A split City Council approved a measure Tuesday night that will provide its members with an increase in compensation come spring. 

The council voted in favor of the ordinance by a 3-2 vote with Bob Nicholson, Kathy Ellis and  David Romero voting yes, and Carol McDermott and Mayor Judy Ann Files voting no.

The measure goes into effect in 2014 and will raise the amount of money councilors are paid each month to $750 for the mayor and $650 for councilors. Councilors currently make $275 a month. In 2016, if the council votes to continue with the increase, compensation will go up to $1,000 for mayor and $900 for councilors.

Nicholson was very much in favor of the ordinance, explaining that the stipend is intended to defray the costs councilors incur during their service. He believes the change will help convince younger candidates to run for the City Council. 

“The real issue that exists is that for younger and working-class people, it’s absolutely crucial that they have enough to really offset their actual costs, and I don’t know if this will do it, but it is a step,” Nicholson said. “We don’t have a balanced council. We have four retired people ... It’s appropriate that we become more a cross-section of the people of Montrose.”  

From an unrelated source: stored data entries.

(* Let $\mathbb F$ be a field and let $P(s)\in\mathbb F[s]^{p\times q}$ be a matrix pencil of rank $1$. 1. If $P(s)$ has a nontrivial invariant factor, then there exist nonzero vectors $u\in\mathbb F^p$, $\bar v\in\mathbb F^q$ and nonzero pencils $\bar u(s)\in\mathbb F[s]^p$, $v(s)\in\mathbb F[s]^q$ such that $P(s)=uv(s)^T=\bar u(s)\bar v^T$. 2. If $P(s)$ has an infinite elementary divisor, then there exist nonzero vectors $u\in\mathbb F^p$, $v\in\mathbb F^q$ such that $P(s)=uv^T$. 3. If $P(s)$ has a positive column minimal index, then there exist a nonzero vector $u\in\mathbb F^p$ and a nonzero pencil $v(s)\in\mathbb F[s]^q$ such that $P(s)=uv(s)^T$. 4. If $P(s)$ has a positive row minimal index, then there exist a nonzero vector $v\in\mathbb F^q$ and a nonzero pencil $u(s)\in\mathbb F[s]^p$ such that $P(s)=u(s)v^T$.
   Context: A matrix pencil is a polynomial matrix of degree at most $1$, $G(s)=G_0+sG_1$; a vector pencil in $\mathbb F[s]^p$ is a column vector of degree at most $1$. The rank of a pencil is its normal rank. Its Kronecker invariants (complete invariants under strict equivalence $G\mapsto QGR$, $Q,R$ invertible constant matrices) are the invariant factors (monic polynomials in $\mathbb F[s]$; "nontrivial" means of positive degree), the infinite elementary divisors $t^{k}$ with $k>0$, and the column and row minimal indices. *)

theory Defs
  imports "Jordan_Normal_Form.Determinant" "Jordan_Normal_Form.DL_Submatrix"
    "HOL-Computational_Algebra.Polynomial"
begin

definition is_pencil :: "'a::field poly mat \<Rightarrow> bool" where
  "is_pencil P \<longleftrightarrow> (\<forall>i<dim_row P. \<forall>j<dim_col P. degree (P $$ (i,j)) \<le> 1)"

definition is_vec_pencil :: "'a::field poly vec \<Rightarrow> bool" where
  "is_vec_pencil v \<longleftrightarrow> (\<forall>i<dim_vec v. degree (v $ i) \<le> 1)"

definition const_vec :: "'a::field vec \<Rightarrow> 'a poly vec" where
  "const_vec u = map_vec (\<lambda>c. [:c:]) u"

definition outer :: "'a::comm_ring_1 vec \<Rightarrow> 'a vec \<Rightarrow> 'a mat" where
  "outer x y = mat (dim_vec x) (dim_vec y) (\<lambda>(i,j). x $ i * y $ j)"

definition minors :: "'a::comm_ring_1 mat \<Rightarrow> nat \<Rightarrow> 'a set" where
  "minors A k = {det (submatrix A I J) | I J. I \<subseteq> {..<dim_row A} \<and> J \<subseteq> {..<dim_col A}
                   \<and> card I = k \<and> card J = k}"

definition normal_rank :: "'a::field poly mat \<Rightarrow> nat" where
  "normal_rank A = Max {k. \<exists>m \<in> minors A k. m \<noteq> 0}"

definition det_divisor :: "'a::field poly mat \<Rightarrow> nat \<Rightarrow> 'a poly" where
  "det_divisor A k =
     (if minors A k \<subseteq> {0} then 0
      else (THE d. lead_coeff d = 1 \<and> (\<forall>m\<in>minors A k. d dvd m) \<and>
                   (\<forall>e. (\<forall>m\<in>minors A k. e dvd m) \<longrightarrow> e dvd d)))"

definition invariant_factor :: "'a::field poly mat \<Rightarrow> nat \<Rightarrow> 'a poly" where
  "invariant_factor A k = det_divisor A k div det_divisor A (k - 1)"

definition has_nontrivial_invariant_factor :: "'a::field poly mat \<Rightarrow> bool" where
  "has_nontrivial_invariant_factor A \<longleftrightarrow>
     (\<exists>k\<in>{1..normal_rank A}. degree (invariant_factor A k) > 0)"

text \<open>Reversal of a pencil G0 + s G1 is G1 + t G0; infinite elementary divisors of G
  are the elementary divisors t^k (k > 0) of the reversal at t = 0.\<close>
definition rev_pencil :: "'a::field poly mat \<Rightarrow> 'a poly mat" where
  "rev_pencil A = map_mat (\<lambda>f. [:coeff f 1, coeff f 0:]) A"

definition has_infinite_elementary_divisor :: "'a::field poly mat \<Rightarrow> bool" where
  "has_infinite_elementary_divisor A \<longleftrightarrow>
     (\<exists>k\<in>{1..normal_rank (rev_pencil A)}. [:0, 1:] dvd invariant_factor (rev_pencil A) k)"

definition vec_degree :: "'a::zero poly vec \<Rightarrow> nat" where
  "vec_degree x = Max (insert 0 {degree (x $ i) | i. i < dim_vec x})"

definition lin_comb :: "(nat \<Rightarrow> 'a::comm_ring_1) \<Rightarrow> 'a vec list \<Rightarrow> nat \<Rightarrow> 'a" where
  "lin_comb c xs j = (\<Sum>i<length xs. c i * (xs ! i $ j))"

text \<open>xs is a polynomial basis of the rational right null space of A: the vectors are
  polynomial null vectors, linearly independent over F(s) (equivalently over F[s]),
  and span the null space over F(s) (every polynomial null vector becomes, after
  multiplication by a nonzero polynomial, an F[s]-combination of them).\<close>
definition right_null_poly_basis :: "'a::field poly mat \<Rightarrow> 'a poly vec list \<Rightarrow> bool" where
  "right_null_poly_basis A xs \<longleftrightarrow>
     (\<forall>x\<in>set xs. x \<in> carrier_vec (dim_col A) \<and> A *\<^sub>v x = 0\<^sub>v (dim_row A)) \<and>
     (\<forall>c. (\<forall>j<dim_col A. lin_comb c xs j = 0) \<longrightarrow> (\<forall>i<length xs. c i = 0)) \<and>
     (\<forall>y\<in>carrier_vec (dim_col A). A *\<^sub>v y = 0\<^sub>v (dim_row A) \<longrightarrow>
        (\<exists>d c. d \<noteq> 0 \<and> (\<forall>j<dim_col A. d * y $ j = lin_comb c xs j)))"

definition right_minimal_basis :: "'a::field poly mat \<Rightarrow> 'a poly vec list \<Rightarrow> bool" where
  "right_minimal_basis A xs \<longleftrightarrow> right_null_poly_basis A xs \<and>
     (\<forall>ys. right_null_poly_basis A ys \<longrightarrow>
        (\<Sum>x\<leftarrow>xs. vec_degree x) \<le> (\<Sum>y\<leftarrow>ys. vec_degree y))"

definition column_minimal_indices :: "'a::field poly mat \<Rightarrow> nat multiset set" where
  "column_minimal_indices A = {mset (map vec_degree xs) | xs. right_minimal_basis A xs}"

definition row_minimal_indices :: "'a::field poly mat \<Rightarrow> nat multiset set" where
  "row_minimal_indices A = column_minimal_indices (transpose_mat A)"

definition has_pos_column_minimal_index :: "'a::field poly mat \<Rightarrow> bool" where
  "has_pos_column_minimal_index A \<longleftrightarrow> (\<exists>M\<in>column_minimal_indices A. \<exists>e\<in>#M. e > 0)"

definition has_pos_row_minimal_index :: "'a::field poly mat \<Rightarrow> bool" where
  "has_pos_row_minimal_index A \<longleftrightarrow> (\<exists>M\<in>row_minimal_indices A. \<exists>e\<in>#M. e > 0)"

end

theory Submission
  imports Defs
begin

Former Mayor Jose Abeyta spoke in support of the ordinance for the same reasons. He said with the increase, working-class people will be able to participate in government like they should be able to do. 

“If you look at council, 80 percent of them are retired,” Abeyta said. “(Currently) there’s only one working member. He’s a probation supervisor, so his income, in my opinion, is upper middle class. The working class is not represented in council. Local government should enable anybody that wants to serve to serve.” 

But McDermott expressed doubts that the increase will attract a broader range of candidates. She said she has seen working class people with families on the school board, which is a nonpaying position, and they have made that work. 

“I voted against the amendment because I think it’s too much money,” McDermott said. “I had spoken during the council meeting that I was willing to go with a consumer price index, which would have raised it from $275 to $312 for a councilor with the addition that it could be every two years, if the council so desired, to keep with the CPI.”

Earlier in Tuesday’s meeting, a number of citizens expressed their opposition to the city’s defunding of the Black Canyon Golf Course during the public comment period.  

City Manager Bill Bell said that the city will address the issue by starting with a media campaign so the community fully understands the details of the decision that was made. He said that will take place over the next two weeks. After that, the City Council will determine if a public forum needs to be held on the issue.